On Thu, 2004-11-25 at 23:08 -0800, Rick Graves wrote:
Post Turkey Day (#1 Shopping Day) Greetings!
I am running CentOS-3 as a desktop distribution. Everything is fine except for Idle, the integrated development environment that comes with Python. Python is version 2.2, but Idle is version 0.8. The Idle 0.8 keyboard is driving me nuts.
On my Windows box, I downloaded from www.python.org and installed Python, and got Python 2.3 and Idle 1.0.8, which is MUCH BETTER -- so much better, even for code intended to be run only in Linux, I would much rather code Python in Windows!
Fedora comes with Python 2.3.
I have my own CentOS mirror, so I added a fedora mirror on the side, and I used rsync to grab only the python files from fedora mirrors.
I ran yum check-update. As a result, yum downloaded all the headers and reported no problems. But when I ran yum update, yum balked, giving a list of packages that are dependent on python2.2, "that is not available". The packages listed are:
authconfig-gtk comps-extras firstboot redhat-config-date redhat-config-keyboard redhat-config-kickstartrhpl redhat-config-language redhat-config-mouse redhat-config-nfs redhat-config-rootpassword redhat-config-samba redhat-config-securitylevel redhat-config-soundcardredhat-config-users redhat-config-xfree86
When I wrote to the yum mailing list, I put in:
"Unless Python 2.3 breaks those packages (which I think is unlikely), I thought I should be able to upgrade Python to a newer version without this kind of objection."

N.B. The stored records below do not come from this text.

lemma graphs12_with_leaves:
  assumes "D \<subseteq> {1..n1+n2}" "card D = n1"
  shows "{E \<in> graphs12 n1 n2. {v \<in> {1..n1+n2}. degree E v = 1} = D} = leaf_graphs {1..n1+n2} D"
proof (intro set_eqI iffI)
  fix E assume "E \<in> {E \<in> graphs12 n1 n2. {v \<in> {1..n1+n2}. degree E v = 1} = D}"
  then show "E \<in> leaf_graphs {1..n1+n2} D"
    by (auto simp: graphs12_def leaf_graphs_def degree_graphs_def simple_graph_def)
next
  fix E assume E: "E \<in> leaf_graphs {1..n1+n2} D"
  then have deg: "degree E v = (if v \<in> D then 1 else 2)" if "v \<in> {1..n1+n2}" for v
    using that by (simp add: leaf_graphs_def degree_graphs_def)
  have "{v \<in> {1..n1+n2}. degree E v = 1} = D"
  proof (intro set_eqI iffI)
    fix v assume "v \<in> {v \<in> {1..n1+n2}. degree E v = 1}"
    then show "v \<in> D"
      using deg[of v] by (cases "v \<in> D") simp_all
  next
    fix v assume "v \<in> D"
    then show "v \<in> {v \<in> {1..n1+n2}. degree E v = 1}"
      using deg[of v] assms(1) by auto
  qed
  with E assms(2) show "E \<in> {E \<in> graphs12 n1 n2. {v \<in> {1..n1+n2}. degree E v = 1} = D}"
    by (auto simp: graphs12_def leaf_graphs_def degree_graphs_def simple_graph_def)
qed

Seth wrote back that python 2.3 would break some of the packages, aparently because the packages have hardcoded paths, and the change of location from /usr/lib/python2.2 to /usr/lib/python2.3 would break some.
One possible work around would be to grab the packages on the above list from fedora in addition to just the python packages, but I would consider that a last resort.
One off the wall idea is to install python 2.3, but leave python 2.2 there for the packages with hardcoded paths. (I am not sure whether yum would cooperate on this plan.)
Is there a cleaner solution to this problem?
You'd be better off leaving python 2.2 alone and install python 2.3 in a different dir and using it for your devel work.
Modifying a basic and important interpreter like python (esp for red hat-based systems) is generally a bad idea.
It'd be like deciding to replace glibc in centos with glibc from fedora core 3.